Scandinavian Tobacco Group A/S
24.3.2026 10:00:00 CET | Globenewswire | Press release
Scandinavian Tobacco Group A/S. Notice convening the Annual General Meeting
Scandinavian Tobacco Group A/S. Notice convening the Annual General Meeting
Company Announcement 3/2026
Copenhagen, 24 March 2026
NOTICE CONVENING THE ANNUAL GENERAL MEETING OF SCANDINAVIAN TOBACCO GROUP A/S
In accordance with Article 7 of the Articles of Association, notice is hereby given of the annual general meeting of Scandinavian Tobacco Group A/S (the "Company") to be held on
Wednesday 15 April 2026 at 4.30 pm. (CEST)
at Moltkes Palæ, Dronningens Tværgade 2, DK-1302 Copenhagen K
Follow the general meeting via webcast
Instead of attending in person, our shareholders have the opportunity to follow the general meeting via live webcast transmission on the Investor Portal (available on the website http://investor.st-group.com). The general meeting and the webcast will commence on 15 April 2026 at 4.30 pm. (CEST).
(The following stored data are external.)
(* Let $A$ be a T-brace. (i) If $A$ is $\star$-hypercentral, then the additive group $A\star A$ is periodic. (ii) If $\beta$ is an ordinal and $a,b\in\zeta_\beta(\star,A)$, then $a\star b$ has finite order in $(A,+)$.
   Context: A (left) brace is a set $A$ with two operations $+$ and $\cdot$ such that $(A,+)$ is an abelian group, $(A,\cdot)$ is a group, and $a(b+c)=ab+ac-a$ for all $a,b,c\in A$. Put $a\star b=ab-a-b$; $A\star A$ is the subgroup of $(A,+)$ generated by all $x\star y$. A subbrace is a subset which is a subgroup of both $(A,+)$ and $(A,\cdot)$; a subbrace $L$ is an ideal if $a\star z, z\star a\in L$ for all $a\in A$, $z\in L$, and then the quotient brace $A/L$ is defined. $A$ is a T-brace if whenever $I$ is an ideal of $J$ and $J$ is an ideal of $A$, then $I$ is an ideal of $A$. The $\star$-center is $\zeta(\star,A)=\{a: a\star x=x\star a=0\ \forall x\}$; the upper $\star$-central series is $\zeta_0(\star,A)=0$, $\zeta_{\alpha+1}(\star,A)/\zeta_\alpha(\star,A)=\zeta(\star,A/\zeta_\alpha(\star,A))$, unions at limit ordinals, each term an ideal; its last term is $\zeta_\infty(\star,A)$, and $A$ is $\star$-hypercentral if $A=\zeta_\infty(\star,A)$. *)

theory Defs
  imports "HOL-Algebra.Algebra"
begin

text \<open>A (left) brace is modelled as a ring-record A: (carrier A, \<oplus>, \<zero>) is the additive
abelian group and (carrier A, \<otimes>, \<one>) the multiplicative group.\<close>

definition brace :: "('a, 'b) ring_scheme \<Rightarrow> bool" where
  "brace A \<longleftrightarrow> abelian_group A \<and> group A \<and>
     (\<forall>a\<in>carrier A. \<forall>b\<in>carrier A. \<forall>c\<in>carrier A.
        a \<otimes>\<^bsub>A\<^esub> (b \<oplus>\<^bsub>A\<^esub> c) = (a \<otimes>\<^bsub>A\<^esub> b \<oplus>\<^bsub>A\<^esub> a \<otimes>\<^bsub>A\<^esub> c) \<ominus>\<^bsub>A\<^esub> a)"

definition bstar :: "('a, 'b) ring_scheme \<Rightarrow> 'a \<Rightarrow> 'a \<Rightarrow> 'a" where
  "bstar A a b = (a \<otimes>\<^bsub>A\<^esub> b \<ominus>\<^bsub>A\<^esub> a) \<ominus>\<^bsub>A\<^esub> b"

definition star_square :: "('a, 'b) ring_scheme \<Rightarrow> 'a set" where
  "star_square A = generate (add_monoid A) {bstar A x y | x y. x \<in> carrier A \<and> y \<in> carrier A}"

definition subbrace :: "('a, 'b) ring_scheme \<Rightarrow> 'a set \<Rightarrow> bool" where
  "subbrace A L \<longleftrightarrow> subgroup L (add_monoid A) \<and> subgroup L A"

definition ideal_in :: "('a, 'b) ring_scheme \<Rightarrow> 'a set \<Rightarrow> 'a set \<Rightarrow> bool" where
  "ideal_in A J I \<longleftrightarrow> subbrace A J \<and> subbrace A I \<and> I \<subseteq> J \<and>
     (\<forall>a\<in>J. \<forall>z\<in>I. bstar A a z \<in> I \<and> bstar A z a \<in> I)"

definition T_brace :: "('a, 'b) ring_scheme \<Rightarrow> bool" where
  "T_brace A \<longleftrightarrow> brace A \<and>
     (\<forall>I J. ideal_in A J I \<and> ideal_in A (carrier A) J \<longrightarrow> ideal_in A (carrier A) I)"

text \<open>For an ideal L, the preimage in A of the \<star>-center of A/L.\<close>
definition star_center_over :: "('a, 'b) ring_scheme \<Rightarrow> 'a set \<Rightarrow> 'a set" where
  "star_center_over A L =
     {a \<in> carrier A. \<forall>x\<in>carrier A. bstar A a x \<in> L \<and> bstar A x a \<in> L}"

text \<open>The terms \<zeta>_\<beta>(\<star>,A) of the upper \<star>-central series, \<beta> ranging over all ordinals:
  \<zeta>_0 = 0, \<zeta>_(\<alpha>+1) = star_center_over A \<zeta>_\<alpha>, unions (of chains) at limits.\<close>
inductive_set upper_star_terms :: "('a, 'b) ring_scheme \<Rightarrow> 'a set set"
  for A :: "('a, 'b) ring_scheme" where
  zero: "{\<zero>\<^bsub>A\<^esub>} \<in> upper_star_terms A"
| succ: "L \<in> upper_star_terms A \<Longrightarrow> star_center_over A L \<in> upper_star_terms A"
| limit: "(\<And>L. L \<in> C \<Longrightarrow> L \<in> upper_star_terms A) \<Longrightarrow> C \<noteq> {} \<Longrightarrow> Complete_Partial_Order.chain (\<subseteq>) C
          \<Longrightarrow> \<Union>C \<in> upper_star_terms A"

definition star_hypercentral :: "('a, 'b) ring_scheme \<Rightarrow> bool" where
  "star_hypercentral A \<longleftrightarrow> carrier A \<in> upper_star_terms A"

definition finite_add_order :: "('a, 'b) ring_scheme \<Rightarrow> 'a \<Rightarrow> bool" where
  "finite_add_order A g \<longleftrightarrow> (\<exists>n::nat. n > 0 \<and> [n] \<cdot>\<^bsub>A\<^esub> g = \<zero>\<^bsub>A\<^esub>)"

end

(*
  By transfinite induction along the upper \<star>-central series, every term Z is an ideal such that
  z \<star> x and x \<star> z have finite additive order for all z in Z and x in A.  Part (ii) is a
  special case, and part (i) follows because for Z = A these products generate A \<star> A.

  For the successor step let L be such a term, M its torsion part (again an ideal) and u a
  representative of an element of the \<star>-center of A/L.  Modulo M the map y \<mapsto> y \<star> x is additive
  on representatives of that center, so with w = 2u the subgroup J = \<int>w + L is an ideal of A,
  and I = \<int>w + \<int>(w \<star> w) + M is an ideal of J, hence of A since A is a T-brace.  If a nonzero
  multiple of u lies in L, the products with u are torsion at once.  Otherwise
  I \<inter> L \<subseteq> \<int>(w \<star> w) + M; since u \<star> w lies in I \<inter> L and w \<star> w \<equiv> 2(u \<star> w) mod M, an odd
  multiple of u \<star> w lies in M.  So I \<inter> L is periodic, and it contains x \<star> w = 2(x \<star> u) and
  w \<star> x \<equiv> 2(u \<star> x).
*)
theory Submission
  imports Defs
begin

section \<open>Torsion and congruences in abelian groups\<close>

context abelian_group
begin

definition torsion :: "'a set" where
  "torsion = {a \<in> carrier G. finite_add_order G a}"

lemma mem_torsion_iff_int:
  "a \<in> torsion \<longleftrightarrow> a \<in> carrier G \<and> (\<exists>k::int. k \<noteq> 0 \<and> [k] \<cdot> a = \<zero>)"
proof (cases "a \<in> carrier G")
  case True
  have "(\<exists>n::nat. n > 0 \<and> [n] \<cdot> a = \<zero>) \<longleftrightarrow> (\<exists>k::int. k \<noteq> 0 \<and> [k] \<cdot> a = \<zero>)"
  proof
    assume "\<exists>n::nat. n > 0 \<and> [n] \<cdot> a = \<zero>"
    then show "\<exists>k::int. k \<noteq> 0 \<and> [k] \<cdot> a = \<zero>"
      by (metis add_pow_int_ge of_nat_0_le_iff of_nat_0_less_iff less_irrefl nat_int)
  next
    assume "\<exists>k::int. k \<noteq> 0 \<and> [k] \<cdot> a = \<zero>"
    then obtain k :: int where k: "k \<noteq> 0" "[k] \<cdot> a = \<zero>" by blast
    then have "[\<bar>k\<bar>] \<cdot> a = \<zero>"
      using True by (cases "k \<ge> 0") (simp_all add: add.int_pow_neg)
    then show "\<exists>n::nat. n > 0 \<and> [n] \<cdot> a = \<zero>"
      using k(1) by (intro exI[of _ "nat \<bar>k\<bar>"]) (simp add: add_pow_int_ge)
  qed
  then show ?thesis
    by (simp add: torsion_def finite_add_order_def)
qed (simp add: torsion_def)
Please note that it is not possible to participate actively in the general meeting, i.e. ask questions or vote, if you follow the general meeting via webcast.
Agenda
In accordance with Article 8.2 of the Articles of Association, the agenda of the meeting is as follows:
- Report of the Board of Directors on the Company’s activities during the past financial year
- Adoption of the audited annual report
The audited annual report is available on www.st-group.com. - Appropriation of profit as recorded in the adopted annual report
The Board of Directors proposes to the general meeting that the Company pays for the financial year 2025 a dividend of DKK 4.50 per share of DKK 1.
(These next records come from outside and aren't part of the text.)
(* Consider the problem of minimizing $g(\mathbf{x},\mathbf{y})+f(\mathbf{x})+h(\mathbf{y})$ subject to $\mathbf{A}\mathbf{x}+\mathbf{B}\mathbf{y}=\mathbf{0}$, under the standing assumptions (i)–(iv) below, and let $\{(\mathbf{x}^k,\mathbf{y}^k,\boldsymbol{\gamma}^k)\}_{k\ge 0}$ be generated by the two-block linearized ADMM described below. Let $L_{\mathbf{A}}$ be the largest eigenvalue of $\mathbf{A}^{\rm T}\mathbf{A}$, $\lambda_{\mathbf{B}^{\rm T}\mathbf{B}}$ the smallest eigenvalue of $\mathbf{B}^{\rm T}\mathbf{B}$, and $L_w=L_g+L_h$. Suppose the parameters satisfy $$L_x\ge L_g+\beta L_{\mathbf{A}}+6L_w^2+1,\qquad L_y\ge L_w+L_w^2+3,\qquad C_m=\tfrac{L_y+L_w^2}{2},$$ $$\beta\ge\max\left\{\frac{L_w+L_y+2}{\lambda_{\mathbf{B}^{\rm T}\mathbf{B}}},\ \frac{3(L_w^2+L_y^2)}{\lambda_{\mathbf{B}^{\rm T}\mathbf{B}}C_m},\ \frac{3L_y^2}{\lambda_{\mathbf{B}^{\rm T}\mathbf{B}}}\right\}.$$ Then the sequence $\{L_\beta(\mathbf{x}^k,\mathbf{y}^k,\boldsymbol{\gamma}^k)\}$ is convergent, and $\|\mathbf{y}^{k+1}-\mathbf{y}^k\|$, $\|\mathbf{x}^{k+1}-\mathbf{x}^k\|$ and $\|\boldsymbol{\gamma}^{k+1}-\boldsymbol{\gamma}^k\|$ converge to zero as $k\to\infty$.
   Context: Variables $\mathbf{x}\in\mathbb{R}^p$, $\mathbf{y}\in\mathbb{R}^q$; given matrices $\mathbf{A}\in\mathbb{R}^{n\times p}$, $\mathbf{B}\in\mathbb{R}^{n\times q}$. The function $f$ may be nonconvex and nonsmooth; $g,h$ are differentiable, possibly nonconvex. A function $s$ is $L$-Lipschitz differentiable if $\|\nabla s(\mathbf{u})-\nabla s(\mathbf{u}')\|_2\le L\|\mathbf{u}-\mathbf{u}'\|_2$ for all $\mathbf{u},\mathbf{u}'$. Standing assumptions: (i) $h$ is $L_h$-Lipschitz differentiable; (ii) $g$ is $L_g$-Lipschitz differentiable (jointly in $(\mathbf{x},\mathbf{y})$); (iii) $g(\mathbf{x},\mathbf{y})+f(\mathbf{x})+h(\mathbf{y})$ is lower bounded on the feasible set $\{(\mathbf{x},\mathbf{y}):\mathbf{A}\mathbf{x}+\mathbf{B}\mathbf{y}=\mathbf{0}\}$ and coercive with respect to $\mathbf{y}$ over it, i.e. for every sequence $(\mathbf{x}^k,\mathbf{y}^k)$ in the feasible set with $\|\mathbf{y}^k\|\to\infty$, the function value tends to $+\infty$; (iv) $\mathbf{B}$ has full column rank and $\mathrm{Im}(\mathbf{A})\subset\mathrm{Im}(\mathbf{B})$. Augmented Lagrangian: $L_\beta(\mathbf{x},\mathbf{y},\boldsymbol{\gamma})=g(\mathbf{x},\mathbf{y})+f(\mathbf{x})+h(\mathbf{y})+\langle\boldsymbol{\gamma},\mathbf{A}\mathbf{x}+\mathbf{B}\mathbf{y}\rangle+\frac{\beta}{2}\|\mathbf{A}\mathbf{x}+\mathbf{B}\mathbf{y}\|_2^2$. Algorithm (parameters $L_x,L_y,\beta>0$, arbitrary initial $\mathbf{x}^0,\mathbf{y}^0,\boldsymbol{\gamma}^0$): for $k\ge0$, $\mathbf{x}^{k+1}\in\arg\min_{\mathbf{x}}\bar f^k(\mathbf{x})$, $\mathbf{y}^{k+1}=\arg\min_{\mathbf{y}}\bar h^k(\mathbf{y})$, $\boldsymbol{\gamma}^{k+1}=\boldsymbol{\gamma}^k+\beta(\mathbf{A}\mathbf{x}^{k+1}+\mathbf{B}\mathbf{y}^{k+1})$, where $\bar f^k(\mathbf{x})=f(\mathbf{x})+\langle\boldsymbol{\gamma}^k,\mathbf{A}\mathbf{x}\rangle+\frac{L_x}{2}\|\mathbf{x}-\mathbf{x}^k\|^2+\langle\mathbf{x}-\mathbf{x}^k,\nabla_{\mathbf{x}}g(\mathbf{x}^k,\mathbf{y}^k)+\beta\mathbf{A}^{\rm T}(\mathbf{A}\mathbf{x}^k+\mathbf{B}\mathbf{y}^k)\rangle$ and $\bar h^k(\mathbf{y})=\langle\boldsymbol{\gamma}^k,\mathbf{B}\mathbf{y}\rangle+\frac{L_y}{2}\|\mathbf{y}-\mathbf{y}^k\|^2+\frac{\beta}{2}\|\mathbf{A}\mathbf{x}^{k+1}+\mathbf{B}\mathbf{y}\|^2+\langle\mathbf{y}-\mathbf{y}^k,\nabla_{\mathbf{y}}g(\mathbf{x}^{k+1},\mathbf{y}^k)+\nabla h(\mathbf{y}^k)\rangle$ (the minimizer of $\bar f^k$ is assumed to exist at each step). *)

theory Defs
  imports "HOL-Analysis.Analysis"
begin

definition is_eigenvalue :: "real^'n^'n \<Rightarrow> real \<Rightarrow> bool" where
  "is_eigenvalue M mu \<longleftrightarrow> (\<exists>v. v \<noteq> 0 \<and> M *v v = mu *s v)"

definition aug_lagr ::
  "((real^'p) \<times> (real^'q) \<Rightarrow> real) \<Rightarrow> (real^'p \<Rightarrow> real) \<Rightarrow> (real^'q \<Rightarrow> real)
   \<Rightarrow> real^'p^'n \<Rightarrow> real^'q^'n \<Rightarrow> real
   \<Rightarrow> real^'p \<Rightarrow> real^'q \<Rightarrow> real^'n \<Rightarrow> real" where
  "aug_lagr g f h A B beta x y gam =
     g (x, y) + f x + h y + gam \<bullet> (A *v x + B *v y)
     + beta / 2 * (norm (A *v x + B *v y))\<^sup>2"

text \<open>Linearized x-subproblem objective bar f^k (with x^k = xk, y^k = yk, gamma^k = gk,
  Dgx = partial gradient of g in x at (xk,yk)).\<close>
definition fbar ::
  "(real^'p \<Rightarrow> real) \<Rightarrow> real^'p^'n \<Rightarrow> real^'q^'n \<Rightarrow> real \<Rightarrow> real
   \<Rightarrow> real^'p \<Rightarrow> real^'q \<Rightarrow> real^'n \<Rightarrow> real^'p \<Rightarrow> real^'p \<Rightarrow> real" where
  "fbar f A B beta Lx xk yk gk Dgx x =
     f x + gk \<bullet> (A *v x) + Lx / 2 * (norm (x - xk))\<^sup>2
     + (x - xk) \<bullet> (Dgx + beta *s (transpose A *v (A *v xk + B *v yk)))"

text \<open>Linearized y-subproblem objective bar h^k (x1 = x^{k+1}; Dgy = partial gradient
  of g in y at (x^{k+1}, y^k); Dhk = gradient of h at y^k).\<close>
definition hbar ::
  "real^'p^'n \<Rightarrow> real^'q^'n \<Rightarrow> real \<Rightarrow> real
   \<Rightarrow> real^'p \<Rightarrow> real^'q \<Rightarrow> real^'n \<Rightarrow> real^'q \<Rightarrow> real^'q \<Rightarrow> real^'q \<Rightarrow> real" where
  "hbar A B beta Ly x1 yk gk Dgy Dhk y =
     gk \<bullet> (B *v y) + Ly / 2 * (norm (y - yk))\<^sup>2
     + beta / 2 * (norm (A *v x1 + B *v y))\<^sup>2
     + (y - yk) \<bullet> (Dgy + Dhk)"

end

theory Submission
  imports Defs
begin

text \<open>The augmented Lagrangian, corrected by \<open>C\<^sub>m |y\<^sup>k\<^sup>+\<^sup>1 - y\<^sup>k|\<^sup>2\<close>, is a Lyapunov function
  for the iteration. The x-step decreases \<open>L\<^sub>\<beta>\<close> by a multiple of \<open>|\<Delta>x|\<^sup>2\<close> (descent lemma for \<open>g\<close>,
  proximal term, \<open>|A d|\<^sup>2 \<le> L\<^sub>A |d|\<^sup>2\<close>), the y-step by a multiple of \<open>|\<Delta>y|\<^sup>2\<close> (the y-subproblem is
  strongly convex with modulus \<open>L\<^sub>y + \<beta> \<lambda>\<close>), while the dual step increases it by \<open>|\<Delta>\<gamma>|\<^sup>2 / \<beta>\<close>.
  Because \<open>Im A \<subseteq> Im B\<close>, \<open>\<Delta>\<gamma>\<close> lies in the range of \<open>B\<close>, so \<open>\<lambda> |\<Delta>\<gamma>|\<^sup>2 \<le> |B\<^sup>T \<Delta>\<gamma>|\<^sup>2\<close>, and the
  first-order condition of the y-subproblem expresses \<open>B\<^sup>T \<gamma>\<^sup>k\<^sup>+\<^sup>1\<close> through \<open>\<Delta>y\<close> and the gradients
  of \<open>g\<close> and \<open>h\<close>. Hence the dual increase is \<open>O(|\<Delta>x|\<^sup>2 + |\<Delta>y|\<^sup>2)\<close> and is absorbed once
  \<open>\<beta>\<close> is large. The same first-order condition bounds the Lyapunov sequence from below by
  the objective value at a feasible point, so it converges, and its decrements force
  \<open>\<Delta>x, \<Delta>y, \<Delta>\<gamma> \<rightarrow> 0\<close>.\<close>

lemma lipschitz_gradient_taylor_bound:
  fixes g :: "'a::real_inner \<Rightarrow> real"
  assumes grad: "\<And>u. (g has_derivative (\<lambda>d. G u \<bullet> d)) (at u)"
    and lip: "\<And>u u'. norm (G u - G u') \<le> L * norm (u - u')" and "L \<ge> 0"
  shows "\<bar>g (u + d) - g u - G u \<bullet> d\<bar> \<le> L * (norm d)\<^sup>2"
proof -
  define \<phi> where "\<phi> = (\<lambda>t::real. g (u + t *\<^sub>R d))"
  have der: "(\<phi> has_derivative (\<lambda>s. G (u + t *\<^sub>R d) \<bullet> (s *\<^sub>R d))) (at t within {0..1})" for t
  proof -
    have "((\<lambda>t. u + t *\<^sub>R d) has_derivative (\<lambda>s. s *\<^sub>R d)) (at t within {0..1})"
      by (auto intro!: derivative_eq_intros)
    from diff_chain_within[OF this has_derivative_at_withinI[OF grad]] show ?thesis
      by (simp add: \<phi>_def o_def)
  qed
  obtain t where t: "t \<in> {0..1}" and mvt: "\<phi> 1 - \<phi> 0 = G (u + t *\<^sub>R d) \<bullet> ((1 - 0) *\<^sub>R d)"
    using mvt_very_simple[of 0 1 \<phi>, OF _ der] by auto
  have "\<bar>(G (u + t *\<^sub>R d) - G u) \<bullet> d\<bar> \<le> norm (G (u + t *\<^sub>R d) - G u) * norm d"
    by (rule Cauchy_Schwarz_ineq2)
  also have "\<dots> \<le> L * norm (t *\<^sub>R d) * norm d"
    using lip[of "u + t *\<^sub>R d" u] by (simp add: mult_right_mono)
  also have "\<dots> \<le> L * (norm d)\<^sup>2"
    using t \<open>L \<ge> 0\<close>
    by (simp add: power2_eq_square mult_left_le_one_le mult_le_cancel_right1 mult.assoc mult_left_mono)
  finally show ?thesis
    using mvt by (simp add: \<phi>_def inner_diff_left)
qed

lemma quadratic_nonneg_imp_linear_coeff_eq_0:
  fixes a b :: real
  assumes nonneg: "\<And>t. 0 \<le> t * a + t\<^sup>2 * b"
  shows "a = 0"
proof (rule ccontr)
  assume "a \<noteq> 0"
  define q where "q = \<bar>b\<bar> + 1"
  have q: "q > 0" "\<bar>b\<bar> < q" by (auto simp: q_def)
  define t where "t = - a / q"
  have "t\<^sup>2 * b \<le> t\<^sup>2 * \<bar>b\<bar>" by (simp add: mult_left_mono)
  also have "\<dots> < t\<^sup>2 * q" using \<open>a \<noteq> 0\<close> q by (simp add: t_def)
  also have "t\<^sup>2 * q = a\<^sup>2 / q" using q by (simp add: t_def power2_eq_square field_simps)
  finally have "t * a + t\<^sup>2 * b < 0" using q by (simp add: t_def power2_eq_square field_simps)
  with nonneg[of t] show False by simp
qed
- Presentation of the Company’s remuneration report for an advisory vote
The remuneration report is available on www.st-group.com.
- Adoption of the remuneration of the Board of Directors and Board committees
The Board of Directors proposes that the remuneration of the Board of Directors for the financial year 2026 be as follows (unchanged from 2025):
- Ordinary members of the Board of Directors shall be paid a base annual fee of DKK 440,000
- The chairman of the Board of Directors shall receive three times the base annual fee
- The vice-chairman of the Board of Directors shall receive two times the base annual fee
- The chair of the Audit Committee shall receive a fee corresponding to 75 percent of the base annual fee
- Other members of the Audit Committee shall receive a fee corresponding to 37.5 percent of the base annual fee
- The chair of each of the Remuneration Committee and Nomination Committee shall receive a fee corresponding to 50 percent of the base annual fee
- Other members of the Remuneration Committee and Nomination Committee, respectively, shall receive a fee corresponding to 25 percent of the base annual fee
The fees for the chair and members of the committees are in addition to their fee as chairman, vice-chairman or member of the Board of Directors. In addition to the above, the Company may, in accordance with the Company’s Remuneration Policy, also pay social contributions and similar fees that may be charged by foreign authorities in relation to the fees paid to members of the Board of Directors. Further, the Company may pay travel expenses and other expenses related to the work as a member of the Board of Directors.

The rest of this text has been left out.